Tensor AAA

Contents

Tensor AAA#

diffaaable.tensor.tensor_aaa(z_k, F_k, tol_aaa=1e-09, mmax_aaa=100, thres_numerical_zero=1e-13, norm_power=0)[source]#

Convenience alternative to the vector valued AAA algorithm (aaa.vectorial) accepting a tensor valued function F_k (so arbitrary dimensionality) instead of the single dimension that aaa.vectorial requires.

This function will first flatten the tensor valued function F_k and then apply the AAA algorithm to the flattened data. The result will be reshaped to the original tensor shape. The AAA algorithm will only be applied to the non-zero entries of the tensor. The entries very close to zero for all z_k will be replaced by zero.
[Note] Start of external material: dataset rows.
(* Let $p \geq 1$ and $a \geq 0$ be integers, and let $a_{\max}(p) = \lfloor \frac{p^2}{4} \rfloor$. Then: (i) If $a < p-1$, then $H_c(p,a) = 0$. (ii) If $a > a_{\max}(p)$, then $H(p,a) = 0$. Moreover, $$H(p, a_{\max}(p)) = \begin{cases} p, & \text{if } p \text{ is odd},\\ \frac{p}{2}, & \text{if } p \text{ is even}.\end{cases}$$ (iii) If $a_{\max}(p-1) < a \leq a_{\max}(p)$, then $H(p,a) = H_c(p,a)$.
   Context: For a finite poset, the Hasse diagram is the directed graph on its points whose arcs are the covering pairs $x \to y$ ($x < y$ with no $w$ satisfying $x < w < y$). Posets are counted up to isomorphism (unlabeled). $H(p,a)$ denotes the number of isomorphism classes of posets with $p$ points whose Hasse diagram has exactly $a$ arcs, and $H_c(p,a)$ denotes the number of those that are connected (i.e., whose Hasse diagram, viewed as an undirected graph, is connected). *)

theory Defs
  imports Main
begin

definition is_poset :: "nat \<Rightarrow> (nat \<times> nat) set \<Rightarrow> bool" where
  "is_poset p R \<longleftrightarrow> R \<subseteq> {..<p} \<times> {..<p}
     \<and> (\<forall>x\<in>{..<p}. (x, x) \<in> R)
     \<and> (\<forall>x y. (x, y) \<in> R \<and> (y, x) \<in> R \<longrightarrow> x = y)
     \<and> (\<forall>x y z. (x, y) \<in> R \<and> (y, z) \<in> R \<longrightarrow> (x, z) \<in> R)"

definition hasse_arcs :: "(nat \<times> nat) set \<Rightarrow> (nat \<times> nat) set" where
  "hasse_arcs R = {(x, y). (x, y) \<in> R \<and> x \<noteq> y \<and>
      \<not> (\<exists>w. (x, w) \<in> R \<and> x \<noteq> w \<and> (w, y) \<in> R \<and> w \<noteq> y)}"

definition hasse_connected :: "nat \<Rightarrow> (nat \<times> nat) set \<Rightarrow> bool" where
  "hasse_connected p R \<longleftrightarrow>
     (\<forall>x\<in>{..<p}. \<forall>y\<in>{..<p}. (x, y) \<in> (hasse_arcs R \<union> (hasse_arcs R)\<inverse>)\<^sup>*)"

definition poset_iso :: "nat \<Rightarrow> (nat \<times> nat) set \<Rightarrow> (nat \<times> nat) set \<Rightarrow> bool" where
  "poset_iso p R S \<longleftrightarrow> (\<exists>f. bij_betw f {..<p} {..<p} \<and>
     (\<forall>x\<in>{..<p}. \<forall>y\<in>{..<p}. (x, y) \<in> R \<longleftrightarrow> (f x, f y) \<in> S))"

definition num_iso_classes :: "nat \<Rightarrow> (nat \<times> nat) set set \<Rightarrow> nat" where
  "num_iso_classes p A = card (A // {(R, S). R \<in> A \<and> S \<in> A \<and> poset_iso p R S})"

definition H :: "nat \<Rightarrow> nat \<Rightarrow> nat" where
  "H p a = num_iso_classes p {R. is_poset p R \<and> card (hasse_arcs R) = a}"

definition Hc :: "nat \<Rightarrow> nat \<Rightarrow> nat" where
  "Hc p a = num_iso_classes p
     {R. is_poset p R \<and> card (hasse_arcs R) = a \<and> hasse_connected p R}"

definition a_max :: "nat \<Rightarrow> nat" where
  "a_max p = p\<^sup>2 div 4"

end

theory Submission
  imports Defs
begin

text \<open>The undirected Hasse diagram of a poset is triangle-free: of three pairwise comparable
  points, the outer two never form a cover. Mantel's theorem therefore gives at most
  \<lfloor>p^2/4\<rfloor> arcs, and a disconnected poset, being triangle-free on two nonempty
  parts of sizes k + l = p, has at most \<lfloor>k^2/4\<rfloor> + \<lfloor>l^2/4\<rfloor> \<le> \<lfloor>(p-1)^2/4\<rfloor>
  arcs, while a connected one needs p - 1 arcs for a spanning tree.
  In the extremal case the Hasse graph is complete bipartite, so there is no chain of three
  covers: the minimal points, the maximal non-minimal points and the remaining points form
  three levels, and every point lies below every point of a higher level. Such a poset is
  determined up to isomorphism by its numbers c0 and c2 of minimal and maximal elements, and
  counting the admissible pairs (c0, c2) gives p for odd p and p/2 for even p.\<close>

section \<open>Covers and the Hasse graph\<close>

lemma is_poset_subset: "is_poset p R \<Longrightarrow> R \<subseteq> {..<p} \<times> {..<p}"
  by (simp add: is_poset_def)

lemma is_poset_refl: "is_poset p R \<Longrightarrow> x < p \<Longrightarrow> (x, x) \<in> R"
  by (simp add: is_poset_def)

lemma is_poset_antisym: "is_poset p R \<Longrightarrow> (x, y) \<in> R \<Longrightarrow> (y, x) \<in> R \<Longrightarrow> x = y"
  unfolding is_poset_def by blast

lemma is_poset_trans: "is_poset p R \<Longrightarrow> (x, y) \<in> R \<Longrightarrow> (y, z) \<in> R \<Longrightarrow> (x, z) \<in> R"
  unfolding is_poset_def by blast

lemma is_poset_converse: "is_poset p R \<Longrightarrow> is_poset p (R\<inverse>)"
  unfolding is_poset_def by blast

lemma hasse_arcsD: "(x, y) \<in> hasse_arcs R \<Longrightarrow> (x, y) \<in> R \<and> x \<noteq> y"
  by (simp add: hasse_arcs_def)

lemma hasse_arcs_no_between:
  "(x, y) \<in> hasse_arcs R \<Longrightarrow> (x, w) \<in> R \<Longrightarrow> (w, y) \<in> R \<Longrightarrow> w = x \<or> w = y"
  by (auto simp add: hasse_arcs_def)

lemma hasse_arcs_converse: "hasse_arcs (R\<inverse>) = (hasse_arcs R)\<inverse>"
  unfolding hasse_arcs_def by blast

lemma hasse_arcs_subset: "is_poset p R \<Longrightarrow> hasse_arcs R \<subseteq> {..<p} \<times> {..<p}"
  using is_poset_subset hasse_arcsD by fastforce

lemma finite_hasse_arcs: "is_poset p R \<Longrightarrow> finite (hasse_arcs R)"
  using hasse_arcs_subset finite_subset by blast

lemma poset_has_minimal:
  assumes R: "is_poset p R" and A: "A \<subseteq> {..<p}" "a \<in> A"
  obtains z where "z \<in> A" "\<And>w. w \<in> A \<Longrightarrow> (w, z) \<in> R \<Longrightarrow> w = z"
proof -
  define below where "below z = card {w. (w, z) \<in> R}" for z
  obtain z where z: "z \<in> A" and least: "\<And>u. u \<in> A \<Longrightarrow> below z \<le> below u"
    using ex_has_least_nat[of "\<lambda>z. z \<in> A" a below] A(2) by blast
  have "w = z" if w: "w \<in> A" "(w, z) \<in> R" for w
  proof (rule ccontr)
    assume "w \<noteq> z"
    have "finite {u. (u, z) \<in> R}"
      by (rule finite_subset[of _ "{..<p}"]) (use is_poset_subset[OF R] in auto)
    moreover have "{u. (u, w) \<in> R} \<subset> {u. (u, z) \<in> R}"
    proof
      show "{u. (u, w) \<in> R} \<subseteq> {u. (u, z) \<in> R}" using is_poset_trans[OF R _ w(2)] by blast
      have "(z, w) \<notin> R" using is_poset_antisym[OF R w(2)] \<open>w \<noteq> z\<close> by blast
      moreover have "(z, z) \<in> R" using is_poset_refl[OF R] z A(1) by blast
      ultimately show "{u. (u, w) \<in> R} \<noteq> {u. (u, z) \<in> R}" by blast
    qed
    ultimately have "below w < below z"
      unfolding below_def by (rule psubset_card_mono)
    then show False using least[OF w(1)] by simp
  qed
  then show thesis using that z by blast
qed

lemma exists_cover_above:
  assumes R: "is_poset p R" and "(x, y) \<in> R" "x \<noteq> y"
  obtains z where "(x, z) \<in> hasse_arcs R" "(z, y) \<in> R"
proof -
  let ?I = "{z. (x, z) \<in> R \<and> x \<noteq> z \<and> (z, y) \<in> R}"
  have I_subset: "?I \<subseteq> {..<p}" using is_poset_subset[OF R] by auto
  have "y \<in> ?I" using assms(2,3) is_poset_refl[OF R] is_poset_subset[OF R] by auto
  then obtain z where z: "z \<in> ?I" and min: "\<And>w. w \<in> ?I \<Longrightarrow> (w, z) \<in> R \<Longrightarrow> w = z"
    using poset_has_minimal[OF R I_subset] by blast
  have "w = z" if "(x, w) \<in> R" "x \<noteq> w" "(w, z) \<in> R" for w
  proof (rule min)
    show "w \<in> ?I" using that z is_poset_trans[OF R \<open>(w, z) \<in> R\<close>] by blast
  qed fact
  then have "(x, z) \<in> hasse_arcs R" using z unfolding hasse_arcs_def by blast
  then show thesis using that z by blast
qed

lemma exists_cover_below:
  assumes R: "is_poset p R" and "(x, y) \<in> R" "x \<noteq> y"
  obtains z where "(x, z) \<in> R" "(z, y) \<in> hasse_arcs R"
  using exists_cover_above[OF is_poset_converse[OF R], of y x] assms(2,3)
  by (auto simp add: hasse_arcs_converse)

definition hasse_graph :: "(nat \<times> nat) set \<Rightarrow> (nat \<times> nat) set" where
  "hasse_graph R = hasse_arcs R \<union> (hasse_arcs R)\<inverse>"

lemma sym_hasse_graph: "sym (hasse_graph R)"
  unfolding hasse_graph_def sym_def by blast

lemma hasse_graph_subset: "is_poset p R \<Longrightarrow> hasse_graph R \<subseteq> {..<p} \<times> {..<p}"
  unfolding hasse_graph_def using hasse_arcs_subset by fastforce

lemma card_hasse_graph:
  assumes R: "is_poset p R"
  shows "card (hasse_graph R) = 2 * card (hasse_arcs R)"
proof -
  have disjoint: "hasse_arcs R \<inter> (hasse_arcs R)\<inverse> = {}"
    using is_poset_antisym[OF R] hasse_arcsD by blast
  show ?thesis
    unfolding hasse_graph_def
    using card_Un_disjoint[OF finite_hasse_arcs[OF R] _ disjoint] finite_hasse_arcs[OF R] by simp
qed

text \<open>Taking x = y = z shows that a triangle-free relation is irreflexive.\<close>

definition triangle_free :: "('a \<times> 'a) set \<Rightarrow> bool" where
  "triangle_free E \<longleftrightarrow> (\<forall>x y z. (x, y) \<in> E \<longrightarrow> (y, z) \<in> E \<longrightarrow> (x, z) \<notin> E)"

lemma triangle_free_hasse_graph:
  assumes R: "is_poset p R"
  shows "triangle_free (hasse_graph R)"
proof -
  have False if ab: "(a, b) \<in> hasse_arcs R" and bc: "(b, c) \<in> hasse_arcs R"
    and ac: "(a, c) \<in> hasse_arcs R \<or> (c, a) \<in> hasse_arcs R" for a b c
  proof -
    have "(a, b) \<in> R" "a \<noteq> b" "(b, c) \<in> R" "b \<noteq> c"
      using hasse_arcsD[OF ab] hasse_arcsD[OF bc] by auto
    moreover have "(a, c) \<in> R" using is_poset_trans[OF R] calculation by blast
    ultimately show False
      using ac hasse_arcs_no_between[of a c R b] hasse_arcsD[of c a R] is_poset_antisym[OF R]
      by blast
  qed
  then show ?thesis unfolding triangle_free_def hasse_graph_def by blast
qed

section \<open>Mantel's theorem\<close>

lemma mult_le_a_max: "k * l \<le> a_max (k + l)"
proof -
  have "int (4 * (k * l)) \<le> int ((k + l)^2)"
    using zero_le_power2[of "int k - int l"] by (simp add: power2_eq_square algebra_simps)
  then have "4 * (k * l) div 4 \<le> (k + l)^2 div 4"
    by (intro div_le_mono) linarith
  then show ?thesis unfolding a_max_def by simp
qed

lemma card_Int_Times_eq_sum:
  assumes "finite A" "finite B"
  shows "card (E \<inter> A \<times> B) = (\<Sum>a\<in>A. card (E `` {a} \<inter> B))"
proof -
  have "E \<inter> A \<times> B = (SIGMA a:A. E `` {a} \<inter> B)" by auto
  then show ?thesis using assms by (simp add: le_antisym)
qed

lemma sym_card_Int_Times_commute:
  assumes "sym E"
  shows "card (E \<inter> A \<times> B) = card (E \<inter> B \<times> A)"
proof -
  have "(E \<inter> A \<times> B)\<inverse> = E \<inter> B \<times> A"
    using assms unfolding sym_def by blast
  then show ?thesis by (metis card_inverse)
qed

lemma sum_eq_card_mult_bound:
  fixes f :: "'a \<Rightarrow> nat"
  assumes "finite A" "\<And>x. x \<in> A \<Longrightarrow> f x \<le> c" "sum f A = card A * c" "x \<in> A"
  shows "f x = c"
proof -
  have "(\<Sum>x\<in>A. c - f x) = 0"
    using sum_subtractf_nat[of A f "\<lambda>_. c"] assms(2,3) by simp
  then show ?thesis using assms by (simp add: le_antisym)
qed

lemma triangle_free_card_eq_sum_outside_nbhd:
  fixes E :: "('a \<times> 'a) set" and v :: 'a
  assumes fin: "finite U" and sub: "E \<subseteq> U \<times> U" and sym: "sym E" and tf: "triangle_free E"
  defines "N \<equiv> E `` {v}" and "W \<equiv> U - E `` {v}"
  shows "card E = (\<Sum>w\<in>W. card (E `` {w})) + (\<Sum>w\<in>W. card (E `` {w} \<inter> N))"
proof -
  have nbhd_sub: "E `` {x} \<subseteq> U" for x using sub by blast
  have N_sub: "N \<subseteq> U" using nbhd_sub unfolding N_def .
  have W_eq: "W = U - N" unfolding W_def N_def ..
  have fin_N: "finite N" using finite_subset[OF N_sub fin] .
  have fin_W: "finite W" using fin unfolding W_eq by simp
  have fin_E: "finite E" using finite_subset[OF sub] fin by simp
  have indep: "E \<inter> N \<times> N = {}"
    using tf unfolding triangle_free_def N_def by blast
  have "E = (E \<inter> W \<times> U) \<union> (E \<inter> N \<times> U)" using sub N_sub unfolding W_eq by blast
  moreover have "(E \<inter> W \<times> U) \<inter> (E \<inter> N \<times> U) = {}" unfolding W_eq by blast
  ultimately have "card E = card (E \<inter> W \<times> U) + card (E \<inter> N \<times> U)"
    using fin_E by (metis card_Un_disjoint finite_Int)
  also have "E \<inter> N \<times> U = E \<inter> N \<times> W" using indep sub unfolding W_eq by blast
  also have "card (E \<inter> N \<times> W) = card (E \<inter> W \<times> N)"
    using sym by (rule sym_card_Int_Times_commute)
  also have "card (E \<inter> W \<times> U) = (\<Sum>w\<in>W. card (E `` {w}))"
    using card_Int_Times_eq_sum[OF fin_W fin] nbhd_sub by (simp add: Int_absorb2)
  also have "card (E \<inter> W \<times> N) = (\<Sum>w\<in>W. card (E `` {w} \<inter> N))"
    using card_Int_Times_eq_sum[OF fin_W fin_N] .
  finally show ?thesis .
qed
Internally tensor_aaa uses a sped up version of the AAA algorithm. (see https://doi.org/10.1093/imanum/draa098) This can lead to numerical issues when reorthogonalization is sloppy. Further investigation needed.

Parameters:
  • z_k (complex) – M sample points

  • F_k (complex) – Mx… array of the sampled vector (arbitrary size) evaluated at z_k

  • tol_aaa (float) – tolerance for the AAA algorithm

  • mmax_aaa (int) – maximum number of support points for the AAA algorithm

  • thres_numerical_zero (float) – threshold for detecting numerical zeros. These will be replaced by symbolic zeros and not fitted.

  • norm_power (int) – The different tensor entries are normalized by their maximum absolute value to the power of norm_power. By default norm_power=0 the tensor entries are not normalized.